Andre Schulten: Hey Bonnie. If you look at the beauty results outside of China and SK-II, I think they give a better indication of the growth potential and trajectory we’re on. The business ex-SK-II is growing 6% in quarter four, 7% in the fiscal year that we just closed. When you go through the segments and the core brands, if you look at Head & Shoulders, Pantene, Herbal Essences, for example, grew high single digits to double digits. Those were the best results in the past five years. When you look at our personal care business, Old Spice, Secret and Native, double digit growth. We talked about–Jon talked about Native now being and reaching $700 million in sales, 10 times what we got the brand with, and our new brands, [indiscernible] are also growing double digits, so I think we see strength across the portfolio there.

North America hair care is up 12%, global hair care is up 9%, and the personal care business, as I said, is doing very well. I think the core of the piece we are annualizing is really China, both on the Olay business and on the SK-II business, and as we said, our expectation is that we’ll annualize. We don’t yet assume a material acceleration in the fiscal year, so I’ll leave it there. But again, I think the core of the business is strong, China is the one piece we need to see annualize across the first half.

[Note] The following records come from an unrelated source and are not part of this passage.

lemma bracket_winner_descends:
  assumes B: "bracket V E B" and p: "(p, x) \<in> E\<^sup>*" and xy: "(x, y) \<in> E\<^sup>*" and "B y = p"
  shows "B x = p"
  using xy \<open>B y = p\<close>
proof (induction rule: rtrancl_induct)
  case base
  then show ?case .
next
  case (step y z)
  from step.hyps(2) have "z \<in> matches V E" by (rule edge_target_in_matches)
  with B obtain w where wz: "(w, z) \<in> E" and "B z = B w" by (rule bracket_at_match)
  with step.prems have "(p, w) \<in> E\<^sup>*"
    using bracket_reaches[OF B] E_subset by auto
  moreover have "(p, y) \<in> E\<^sup>*" using p step.hyps(1) by simp
  ultimately have "w = y" using common_successor wz step.hyps(2) by blast
  with \<open>B z = B w\<close> step.prems show ?case by (intro step.IH) simp
qed

definition min_disagreement :: "('v \<Rightarrow> 'v) \<Rightarrow> ('v \<Rightarrow> 'v) \<Rightarrow> 'v \<Rightarrow> bool" where
  "min_disagreement B B' x0 \<longleftrightarrow>
     x0 \<in> V \<and> B x0 \<noteq> B' x0 \<and> (\<forall>y. (y, x0) \<in> E\<^sup>+ \<longrightarrow> B y = B' y)"

lemma min_disagreement_exists:
  assumes "x \<in> V" "B x \<noteq> B' x"
  obtains x0 where "min_disagreement B B' x0"
proof -
  from assms have "x \<in> {v \<in> V. B v \<noteq> B' v}" by simp
  then obtain x0 where x0: "x0 \<in> {v \<in> V. B v \<noteq> B' v}"
    and below: "\<And>y. (y, x0) \<in> E\<^sup>+ \<Longrightarrow> y \<notin> {v \<in> V. B v \<noteq> B' v}"
    by (rule wfE_min[OF wf_trancl[OF wf_E]]) iprover+
  have "B y = B' y" if "(y, x0) \<in> E\<^sup>+" for y
  proof -
    have "y \<in> V" using trancl_subset_Sigma[OF E_subset] that by blast
    with below[OF that] show ?thesis by simp
  qed
  with x0 show ?thesis by (intro that[of x0]) (simp add: min_disagreement_def)
qed
(* Assume (A1) with constant $R$ and (A3) with constant $C_h$. Then for every $x\in\mathcal{C}$, if $\beta>\beta_1(x)$, the point $x-t\nabla g(x)$ belongs to $\mathcal{C}$ for all $t\in[0,t_1(x)]$, where $$t_1(x)=\min\!\left(\sqrt{\frac{R}{2C_h}}\frac{1}{\|\nabla g(x)\|},\ \frac{(2\beta\sigma_{\min}(\mathrm{D}h(x))^2-\sigma_1(\mathrm{D}h(x))C_\lambda(x))R}{2C_h\|\nabla g(x)\|^2},\ \frac{1}{2\beta\|\mathrm{D}h(x)\|_{\mathrm{op}}^2}\right).$$
   Context: Let $\mathcal{E}$ be a Euclidean space with inner product $\langle\cdot,\cdot\rangle$ and norm $\|\cdot\|$ (2-norm on $\mathbb{R}^m$), and $f\colon\mathcal{E}\to\mathbb{R}$, $h\colon\mathcal{E}\to\mathbb{R}^m$ be $C^\infty$. $\mathrm{D}h(x)$ is the differential, $\mathrm{D}h(x)^*$ its adjoint, $\sigma_1$ and $\sigma_{\min}=\sigma_m$ the largest and $m$-th singular values. $\mathcal{D}=\{x:\operatorname{rank}\mathrm{D}h(x)=m\}$; for $x\in\mathcal{D}$, $\lambda(x)=(\mathrm{D}h(x)^* )^\dagger[\nabla f(x)]$ (Moore–Penrose), smooth on $\mathcal{D}$. For $\beta\ge0$, Fletcher's augmented Lagrangian is $g(x)=f(x)-\langle h(x),\lambda(x)\rangle+\beta\|h(x)\|^2$. (A1): there are $R,\underline{\sigma}>0$ with $\sigma_{\min}(\mathrm{D}h(x))\ge\underline{\sigma}$ for all $x\in\mathcal{C}=\{x:\|h(x)\|\le R\}$. (A3): there is $C_h>0$ such that for all $x\in\mathcal{C}$, $v\in\mathcal{E}$: $h(x+v)=h(x)+\mathrm{D}h(x)[v]+E(x,v)$ with $\|E(x,v)\|\le C_h\|v\|^2$. For $x\in\mathcal{C}$: $C_\lambda(x)=\|\mathrm{D}\lambda(x)\|_{\mathrm{op}}$ and $\beta_1(x)=\sigma_1(\mathrm{D}h(x))C_\lambda(x)/(2\sigma_{\min}(\mathrm{D}h(x))^2)$. *)

theory Defs
  imports "HOL-Analysis.Analysis"
begin

text \<open>C-infinity: there is a family of iterated derivatives F k x [v1,...,vk] = D^k f(x)[v1,...,vk],
  with F 0 x [] = f x and each x |-> F k x vs Frechet differentiable with derivative
  v |-> F (k+1) x (v # vs).\<close>
definition smooth :: "('a::real_normed_vector \<Rightarrow> 'b::real_normed_vector) \<Rightarrow> bool" where
  "smooth f \<longleftrightarrow> (\<exists>F :: nat \<Rightarrow> 'a \<Rightarrow> 'a list \<Rightarrow> 'b.
      (\<forall>x. F 0 x [] = f x) \<and>
      (\<forall>k x vs. length vs = k \<longrightarrow>
          ((\<lambda>y. F k y vs) has_derivative (\<lambda>v. F (Suc k) x (v # vs))) (at x)))"

definition Dmap :: "('a::real_normed_vector \<Rightarrow> 'b::real_normed_vector) \<Rightarrow> 'a \<Rightarrow> 'a \<Rightarrow> 'b" where
  "Dmap h x = frechet_derivative h (at x)"

definition grad :: "('a::real_inner \<Rightarrow> real) \<Rightarrow> 'a \<Rightarrow> 'a" where
  "grad f x = (SOME u. GDERIV f x :> u)"

definition sigma1 :: "('a::real_inner \<Rightarrow> real^'m::finite) \<Rightarrow> real" where
  "sigma1 A = onorm A"

text \<open>m-th singular value of A : E -> R^m, i.e. sqrt of the smallest eigenvalue of A A^*,
  written as min over unit y in R^m of norm (A^* y).\<close>
definition sigma_min :: "('a::real_inner \<Rightarrow> real^'m::finite) \<Rightarrow> real" where
  "sigma_min A = Inf {norm (adjoint A y) | y. norm y = 1}"

definition mp_pinv :: "('a::real_inner \<Rightarrow> 'b::real_inner) \<Rightarrow> 'b \<Rightarrow> 'a" where
  "mp_pinv A = (THE B. linear B \<and> A \<circ> B \<circ> A = A \<and> B \<circ> A \<circ> B = B \<and>
       adjoint (A \<circ> B) = A \<circ> B \<and> adjoint (B \<circ> A) = B \<circ> A)"

definition flambda :: "('a::euclidean_space \<Rightarrow> real) \<Rightarrow> ('a \<Rightarrow> real^'m::finite) \<Rightarrow> 'a \<Rightarrow> real^'m" where
  "flambda f h x = mp_pinv (adjoint (Dmap h x)) (grad f x)"

definition fletcher :: "('a::euclidean_space \<Rightarrow> real) \<Rightarrow> ('a \<Rightarrow> real^'m::finite) \<Rightarrow> real \<Rightarrow> 'a \<Rightarrow> real" where
  "fletcher f h \<beta> x = f x - inner (h x) (flambda f h x) + \<beta> * (norm (h x))\<^sup>2"

definition C_lambda :: "('a::euclidean_space \<Rightarrow> real) \<Rightarrow> ('a \<Rightarrow> real^'m::finite) \<Rightarrow> 'a \<Rightarrow> real" where
  "C_lambda f h x = onorm (Dmap (flambda f h) x)"

definition beta1 :: "('a::euclidean_space \<Rightarrow> real) \<Rightarrow> ('a \<Rightarrow> real^'m::finite) \<Rightarrow> 'a \<Rightarrow> real" where
  "beta1 f h x = sigma1 (Dmap h x) * C_lambda f h x / (2 * (sigma_min (Dmap h x))\<^sup>2)"

definition t1 :: "('a::euclidean_space \<Rightarrow> real) \<Rightarrow> ('a \<Rightarrow> real^'m::finite) \<Rightarrow> real \<Rightarrow> real \<Rightarrow> real \<Rightarrow> 'a \<Rightarrow> real" where
  "t1 f h \<beta> R Ch x =
     (let G = norm (grad (fletcher f h \<beta>) x); A = Dmap h x in
      min (sqrt (R / (2 * Ch)) * (1 / G))
          (min ((2 * \<beta> * (sigma_min A)\<^sup>2 - sigma1 A * C_lambda f h x) * R / (2 * Ch * G\<^sup>2))
               (1 / (2 * \<beta> * (onorm A)\<^sup>2))))"

end

theory Submission
  imports Defs
begin

text \<open>Write A = Dh(x) and u = grad g(x). Testing the derivative of g against A^* z, the
  terms coming from f cancel, because lambda(x) solves the normal equations
  A A^* lambda = A grad f(x). What remains is A u = 2 beta A A^* h(x) + w with
  |w| <= sigma_1(A) C_lambda(x) |h(x)|. By (A3), h(x - t u) = (I - 2 beta t A A^*) h(x) - t w
  up to an error C_h t^2 |u|^2, and for 2 beta t |A|^2 <= 1 the operator I - 2 beta t A A^* is
  positive semidefinite with norm at most 1 - 2 beta t sigma_min(A)^2. Hence
  |h(x - t u)| <= (1 - t delta) |h(x)| + C_h t^2 |u|^2 with
  delta = 2 beta sigma_min(A)^2 - sigma_1(A) C_lambda(x), and the second bound in t_1(x)
  makes the right-hand side at most R. That C_lambda(x) is the norm of a genuine derivative
  follows from Cramer's rule applied to the normal equations, whose Gram matrix is
  invertible near x since sigma_min(A) > 0.\<close>

section \<open>Singular values and the damped Gram step\<close>

lemma norm_adjoint_le:
  fixes A :: "'a::euclidean_space \<Rightarrow> 'b::euclidean_space"
  assumes bA: "bounded_linear A"
  shows "norm (adjoint A z) \<le> onorm A * norm z"
proof -
  have lA: "linear A" using bA bounded_linear.linear by blast
  have "(norm (adjoint A z))\<^sup>2 = A (adjoint A z) \<bullet> z"
    by (simp add: power2_norm_eq_inner adjoint_works[OF lA])
  also have "\<dots> \<le> norm (A (adjoint A z)) * norm z" by (rule norm_cauchy_schwarz)
  also have "\<dots> \<le> onorm A * norm (adjoint A z) * norm z"
    by (intro mult_right_mono onorm[OF bA]) simp
  finally have "norm (adjoint A z) * norm (adjoint A z) \<le> (onorm A * norm z) * norm (adjoint A z)"
    by (simp add: power2_eq_square algebra_simps)
  then show ?thesis
    using onorm_pos_le[OF bA] by (cases "adjoint A z = 0") auto
qed

lemma sigma_min_nonneg:
  fixes A :: "'a::real_inner \<Rightarrow> real^'m::finite"
  shows "0 \<le> sigma_min A"
proof -
  have "norm (axis undefined (1::real) :: real^'m) = 1" by simp
  then have "{norm (adjoint A y) | y :: real^'m. norm y = 1} \<noteq> {}" by blast
  then show ?thesis unfolding sigma_min_def by (rule cInf_greatest) auto
qed

lemma sigma_min_mult_norm_le:
  fixes A :: "'a::euclidean_space \<Rightarrow> real^'m::finite"
  assumes "linear A"
  shows "sigma_min A * norm z \<le> norm (adjoint A z)"
proof (cases "z = 0")
  case False
  then have "sigma_min A \<le> norm (adjoint A (z /\<^sub>R norm z))" unfolding sigma_min_def
    by (intro cInf_lower) (auto intro: bdd_belowI[where m=0])
  also have "adjoint A (z /\<^sub>R norm z) = adjoint A z /\<^sub>R norm z"
    using linear_cmul[OF adjoint_linear[OF assms]] by simp
  finally show ?thesis using False by (simp add: field_simps)
qed simp

lemma sigma_min_le_sigma1:
  fixes A :: "'a::euclidean_space \<Rightarrow> real^'m::finite"
  assumes bA: "bounded_linear A"
  shows "sigma_min A \<le> sigma1 A"
proof -
  let ?e = "axis undefined 1 :: real^'m"
  have "sigma_min A * norm ?e \<le> norm (adjoint A ?e)"
    using sigma_min_mult_norm_le bA bounded_linear.linear by blast
  also have "\<dots> \<le> onorm A * norm ?e" by (rule norm_adjoint_le[OF bA])
  finally show ?thesis unfolding sigma1_def by simp
qed

lemma inj_adjoint_if_sigma_min_pos:
  fixes A :: "'a::euclidean_space \<Rightarrow> real^'m::finite"
  assumes "linear A" and "sigma_min A > 0"
  shows "inj (adjoint A)"
proof -
  have "z = 0" if "adjoint A z = 0" for z
    using sigma_min_mult_norm_le[OF assms(1), of z] assms(2) that
    by (simp add: mult_le_0_iff)
  then show ?thesis by (metis adjoint_linear[OF assms(1)] linear_injective_0)
qed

Jon Moeller: And obviously we play in–the majority of the spaces that we play in, in beauty are more foundational versus prestige, and I think where some of the commentary in the marketplace has been directed relative to slowdown is really not in the base segments that we play in and, as Andre said, have continued to see very strong growth in. That’s why I wanted to add to the question earlier, because I think it’s somewhat lost in the aggregate numbers, but I think it’s important both for recognition of the team but also recognition of the potential.

Operator: The next question comes from Chris Carey of Wells Fargo Securities. Please go ahead.

Chris Carey: Hi, good morning. I know we’re later in the call, so apologies for another China question, but maybe a bit more focus. It has been sluggish for a few years, which I think is why there’s been so many questions about the effect of annualizing. You’re not the only company to see slower results in China, so I wonder if you could just maybe comment on clearly there are macro dynamics in the market versus micro parts of your portfolio which specifically need some work. SK-II has been well covered by this point, so perhaps you can speak to some other businesses that are performing in line with your expectations or not, so that we can have a bit more of a portfolio view on why the annualization should deliver the outcomes you’re expecting into the back half of the year. Sorry for another question on China, but it felt important. Thanks.

Andre Schulten: Hey Chris. I’ll start and Jon will add. Let me start by saying, I think the China business coming from a double-digit growth trajectory through a significant dip, and we don’t expect it to go back to double digits, we expect it over time to go to maybe mid singles, so more in line with what we see in other developed markets. For sure, we don’t expect the return to the growth rates that we saw pre-COVID. Many of the effects specifically in China, SK-II, I think the run rate is now stable, so we’re already seeing the run rate in terms of absolute volume and absolute dollar sale flattening. What’s not yet there is the base period in line with those run rates, so unless we see a significant run rate reduction, that gives us confidence that the annualization would take place.

Maybe other point of confidence here, the toughest category to compete in, in China right now is probably baby care. Birth rates are down 15% to 25% depending on how you define the market, and we’ve been able–the team has been able to grow sales 6% and grow share in the market. Why? Because the portfolio and the innovation the team designed was very specific to the Chinese consumer – their needs, their preference in terms of superiority, and that’s driving results. We’ve been able to grow the Braun business with strong innovation, so there are pockets of business where we are leading the market, and we need to find our way to that across more categories, which we’re working on. Fabric care, as I said, is very focused on the profitable part of the portfolio which allows them to drive innovation, which allows them to drive category growth, and that’s really what’s playing out across categories.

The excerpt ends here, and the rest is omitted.